- Born: 1939 (age 86–87) Baghdad, Iraq
- Political party: Ba'ath Party

= Amer Mohammad Rashid =

Iraqi politician (born 1939)

Amer Mohammad Rashid al-Ubaidi (عامر محمد رشيد العبيدي; born 1939) is an Iraqi former politician who served as the Oil Minister under Saddam Hussein.

==Life and career==
Rashid was born in Baghdad in 1939. A general in Iraq's army, he also advised Hussein on other matters, and was sometimes referred to as "Missile Man" in reference to his expertise with weapons delivery systems. He was the husband of Dr. Rihab Taha (a.k.a. "Dr. Germ"), a microbiologist active in research into the production of bioweapons. Iraqi government news sources indicated that he retired from his positions in 2002, at the age of 65.

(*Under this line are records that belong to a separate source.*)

lemma surplus_gap:
  fixes \<alpha> t :: real and \<beta> :: "real^'m::finite" and \<gamma> \<sigma> :: "real^'n::finite"
  assumes \<alpha>: "\<alpha> > 0" and \<beta>: "\<beta> \<bullet> \<beta> = 1"
    and xd: "xvec ad qd = \<beta>" and qd: "qd = (1 / (2 + \<alpha>)) *\<^sub>R \<gamma>"
    and xs: "xvec as qs = (1 - t) *\<^sub>R \<beta>" and qs: "(2 + \<alpha>) *\<^sub>R qs = \<gamma> + (\<alpha> * t) *\<^sub>R \<sigma>"
  shows "Omega \<alpha> \<beta> \<gamma> ad qd - Omega \<alpha> \<beta> \<gamma> as qs =
           \<alpha> * t / (2 * (2 + \<alpha>)\<^sup>2) * (t * ((2 + \<alpha>)\<^sup>2 + \<alpha> * (\<sigma> \<bullet> \<sigma>)) - 2 * (1 + \<alpha>) * (\<sigma> \<bullet> \<gamma>))"
proof -
  define d where "d = 2 + \<alpha>"
  have d: "d > 0" using \<alpha> unfolding d_def by simp
  define v where "v = (\<alpha> * t / d) *\<^sub>R \<sigma>"
  have qs_shift: "qs = qd + v"
  proof -
    have "qs = (1 / d) *\<^sub>R (d *\<^sub>R qs)" using d by simp
    also have "d *\<^sub>R qs = \<gamma> + (\<alpha> * t) *\<^sub>R \<sigma>" using qs unfolding d_def .
    finally show ?thesis unfolding qd v_def d_def by (simp add: scaleR_add_right)
  qed
  have qd_residual: "qd - \<gamma> = - ((1 + \<alpha>) / d) *\<^sub>R \<gamma>"
    unfolding qd d_def using \<alpha> by (simp add: vec_eq_iff field_simps)
  have "Omega \<alpha> \<beta> \<gamma> ad qd - Omega \<alpha> \<beta> \<gamma> as qs
      = \<alpha> * t\<^sup>2 / 2 + v \<bullet> (qd - \<gamma>) + v \<bullet> v / 2"
  proof -
    have "Omega \<alpha> \<beta> \<gamma> ad qd = \<alpha> / 2 + (qd \<bullet> \<gamma> - qd \<bullet> qd / 2)"
      using Omega_collinear[of ad qd 1 \<beta>] xd \<beta> by simp
    moreover have "Omega \<alpha> \<beta> \<gamma> as qs = \<alpha> * ((1 - t) - (1 - t)\<^sup>2 / 2) + (qs \<bullet> \<gamma> - qs \<bullet> qs / 2)"
      using Omega_collinear[OF xs \<beta>] .
    moreover have "\<alpha> / 2 - \<alpha> * ((1 - t) - (1 - t)\<^sup>2 / 2) = \<alpha> * t\<^sup>2 / 2"
      by (simp add: power2_eq_square field_simps)
    ultimately show ?thesis using quadratic_surplus_shift[of qd \<gamma> v] unfolding qs_shift by linarith
  qed
  also have "\<dots> = \<alpha> * t\<^sup>2 / 2 - \<alpha> * t * (1 + \<alpha>) / d\<^sup>2 * (\<sigma> \<bullet> \<gamma>) + (\<alpha> * t / d)\<^sup>2 * (\<sigma> \<bullet> \<sigma>) / 2"
    unfolding qd_residual v_def by (simp add: inner_commute power2_eq_square)
  also have "\<dots> = \<alpha> * t / (2 * d\<^sup>2) * (t * (d\<^sup>2 + \<alpha> * (\<sigma> \<bullet> \<sigma>)) - 2 * (1 + \<alpha>) * (\<sigma> \<bullet> \<gamma>))"
    using d by (simp add: field_simps power2_eq_square)
  finally show ?thesis unfolding d_def .
qed
lemma wasserstein1_empirical_bounded_differences:
  assumes "finite (set_pmf p)" "finite U" "\<And>i j. i \<in> U \<Longrightarrow> j \<in> U \<Longrightarrow> dist (f i) (f j) \<le> B"
  shows "bounded_differences (B / real k) (\<lambda>S. wasserstein1 p (empirical f S)) U k"
  unfolding bounded_differences_def
proof (intro ballI)
  fix S x y assume S: "S \<in> ksubsets U k" and x: "x \<in> S" and y: "y \<in> U - S"
  define S' where "S' = insert y (S - {x})"
  have "finite S" "card S = k" using S assms(2) by (auto simp: ksubsets_def intro: finite_subset)
  have "S \<in> ksubsets (U - {y}) k" using S y by (auto simp: ksubsets_def)
  then have "S' \<in> ksubsets (U - {x}) k"
    using exchange_in_ksubsets[of U y S k x] assms(2) x y by (simp add: S'_def exchange_def)
  then have S': "finite S'" "card S' = k" "x \<notin> S'" "y \<in> S'" "S = insert x (S' - {y})"
    using \<open>finite S\<close> x y by (auto simp: ksubsets_def S'_def)
  have B: "dist (f x) (f y) / real k \<le> B / real k" "dist (f y) (f x) / real k \<le> B / real k"
    using assms(3) x y S by (auto simp: ksubsets_def intro!: divide_right_mono)
  have "wasserstein1 (empirical f S) (empirical f S') \<le> B / real k"
    using wasserstein1_empirical_exchange_le[OF \<open>finite S\<close> x, of y f] y B(1)
    by (simp add: S'_def \<open>card S = k\<close>)
  moreover have "wasserstein1 (empirical f S') (empirical f S) \<le> B / real k"
    using wasserstein1_empirical_exchange_le[OF S'(1,4,3), of f] B(2) S'(2,5) by simp
  moreover have fin: "finite (set_pmf (empirical f S))" "finite (set_pmf (empirical f S'))"
    using \<open>finite S\<close> S' x by (auto intro!: finite_set_pmf_empirical)
  ultimately show "\<bar>wasserstein1 p (empirical f S) - wasserstein1 p (empirical f (insert y (S - {x})))\<bar>
      \<le> B / real k"
    using wasserstein1_triangle[OF assms(1) fin] wasserstein1_triangle[OF assms(1) fin(2,1)]
    unfolding S'_def by linarith
qed
lemma minimizes_own_tilted:
  fixes J :: "'a::euclidean_space \<Rightarrow> real"
  assumes deriv: "\<And>x. (J has_derivative (\<lambda>h. J' x \<bullet> h)) (at x)"
    and cont: "continuous_on UNIV J'"
    and "k > 0" and growth: "\<And>x. (\<mu>/2 + k) * (norm x)\<^sup>2 - C \<le> J x"
    and at_most_two: "\<And>y x1 x2 x3. J' x1 - \<mu> *\<^sub>R x1 = y \<Longrightarrow> J' x2 - \<mu> *\<^sub>R x2 = y \<Longrightarrow>
      J' x3 - \<mu> *\<^sub>R x3 = y \<Longrightarrow> x1 = x2 \<or> x1 = x3 \<or> x2 = x3"
  shows "tilted J \<mu> (J' x - \<mu> *\<^sub>R x) x \<le> tilted J \<mu> (J' x - \<mu> *\<^sub>R x) w"
proof -
  define F where "F = (\<lambda>x. J' x - \<mu> *\<^sub>R x)"
  have unique_min: "\<exists>!x. \<forall>w. tilted J \<mu> y x \<le> tilted J \<mu> y w" for y
    using tilted_unique_global_min[OF deriv cont \<open>k > 0\<close> growth at_most_two] .
  define g where "g y = (THE x. \<forall>w. tilted J \<mu> y x \<le> tilted J \<mu> y w)" for y
  have argmin: "(\<forall>w. tilted J \<mu> y x \<le> tilted J \<mu> y w) \<longleftrightarrow> x = g y" for y x
    using theI'[OF unique_min] the1_equality[OF unique_min] unfolding g_def by blast
  have contJ: "continuous_on UNIV J"
    using deriv by (meson continuous_at_imp_continuous_on has_derivative_continuous)
  have contg: "continuous_on UNIV g"
  proof (rule continuous_on_argmin[OF continuous_on_tilted[OF contJ] argmin])
    fix B :: "'a set" assume "bounded B"
    then obtain r where "\<And>y. y \<in> B \<Longrightarrow> norm y \<le> r" unfolding bounded_iff by blast
    moreover have "tilted J \<mu> y (g y) \<le> tilted J \<mu> y 0" for y
      using argmin by blast
    then have "tilted J \<mu> y (g y) \<le> J 0" for y
      by (simp add: tilted_def)
    ultimately have "g ` B \<subseteq> {x. \<exists>y. norm y \<le> r \<and> tilted J \<mu> y x \<le> J 0}" by auto
    then show "bounded (g ` B)"
      using bounded_tilted_sublevels[OF \<open>k > 0\<close> growth] by (rule bounded_subset[rotated])
  qed
  have right_inv: "F (g y) = y" for y
  proof -
    have "F (g y) - y = 0"
      unfolding F_def by (rule gradient_zero_at_global_min[OF tilted_has_derivative[OF deriv]])
        (use argmin in blast)
    then show ?thesis by simp
  qed
  have "continuous_on UNIV F"
    unfolding F_def by (intro continuous_intros cont)
  then have "inj F"
    using contg right_inv by (rule continuous_right_inverse_imp_inj)
  then have "g (F x) = x"
    using right_inv[of "F x"] by (rule injD)
  then have "\<forall>w. tilted J \<mu> (F x) x \<le> tilted J \<mu> (F x) w"
    using argmin[of "F x" x] by simp
  then show ?thesis by (simp add: F_def)
qed

lemma tilted_minimum_quadratic_gap:
  fixes J :: "'a::real_inner \<Rightarrow> real"
  assumes "tilted J \<mu> (- \<mu> *\<^sub>R u) u \<le> tilted J \<mu> (- \<mu> *\<^sub>R u) x"
  shows "\<mu>/2 * (norm (x - u))\<^sup>2 \<le> J x - J u"
proof -
  have norm_eq: "(norm (x - u))\<^sup>2 = x \<bullet> x - 2 * (u \<bullet> x) + u \<bullet> u"
    by (simp add: power2_norm_eq_inner inner_diff_left inner_diff_right inner_commute)
  have "\<mu>/2 * (norm (x - u))\<^sup>2 = \<mu>/2 * (x \<bullet> x) - \<mu> * (u \<bullet> x) + \<mu>/2 * (u \<bullet> u)"
    unfolding norm_eq by (simp add: algebra_simps)
  then show ?thesis using assms unfolding tilted_def by simp
qed

theorem theorem1p2:
  fixes J :: "'a::euclidean_space \<Rightarrow> real" and J' :: "'a \<Rightarrow> 'a" and \<mu> :: real
  assumes deriv: "\<And>x. (J has_derivative (\<lambda>h. J' x \<bullet> h)) (at x)"
    and cont: "continuous_on UNIV J'"
    and lt: "theta_const J < eta_const J"
    and mu: "2 * theta_const J < ereal \<mu>" "ereal \<mu> < 2 * eta_const J"
  shows "\<exists>y. \<exists>x1 x2 x3. x1 \<noteq> x2 \<and> x1 \<noteq> x3 \<and> x2 \<noteq> x3 \<and>
           J' x1 - \<mu> *\<^sub>R x1 = y \<and> J' x2 - \<mu> *\<^sub>R x2 = y \<and> J' x3 - \<mu> *\<^sub>R x3 = y"
proof (rule ccontr)
  assume at_most_two: "\<not> ?thesis"
  have contJ: "continuous_on UNIV J"
    using deriv by (meson continuous_at_imp_continuous_on has_derivative_continuous)
  have "ereal (\<mu>/2) < eta_const J" using mu(2) by (cases "eta_const J") auto
  then obtain k C where "k > 0" and growth: "\<And>x. (\<mu>/2 + k) * (norm x)\<^sup>2 - C \<le> J x"
    using quadratic_growth_below_eta[OF contJ] by blast
  have "theta_const J < ereal (\<mu>/2)" using mu(1) by (cases "theta_const J") auto
  then obtain u x where "u \<in> global_minima J" "x \<noteq> u" and gap: "J x - J u < \<mu>/2 * (norm (x - u))\<^sup>2"
    by (rule theta_const_less_ereal)
  then have "J' u = 0"
    using gradient_zero_at_global_min[OF deriv] by (auto simp: global_minima_def)
  have "tilted J \<mu> (J' u - \<mu> *\<^sub>R u) u \<le> tilted J \<mu> (J' u - \<mu> *\<^sub>R u) x"
    by (rule minimizes_own_tilted[OF deriv cont \<open>k > 0\<close> growth])
      (use at_most_two in \<open>metis (no_types, lifting)\<close>)
  then have "\<mu>/2 * (norm (x - u))\<^sup>2 \<le> J x - J u"
    using \<open>J' u = 0\<close> by (intro tilted_minimum_quadratic_gap) simp
  with gap show False by linarith
qed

Rashid was the six of spades in the most-wanted Iraqi playing cards issued by the United States during the 2003 invasion of Iraq. After the invasion commenced, he issued a public statement calling for other Arab nations to decrease oil production, in order "to make the cost of war high for the Americans." American troops raided his Baghdad home on April 14, 2003, in an effort to take he and his wife into custody, but both evaded capture. He surrendered to coalition forces on April 28, 2003, and his wife surrendered on May 10, 2003.

Rashid was quietly released in April 2012, while his wife had been released in December 2005 without charge two days after Iraq's national elections, following over 30 months in confinement.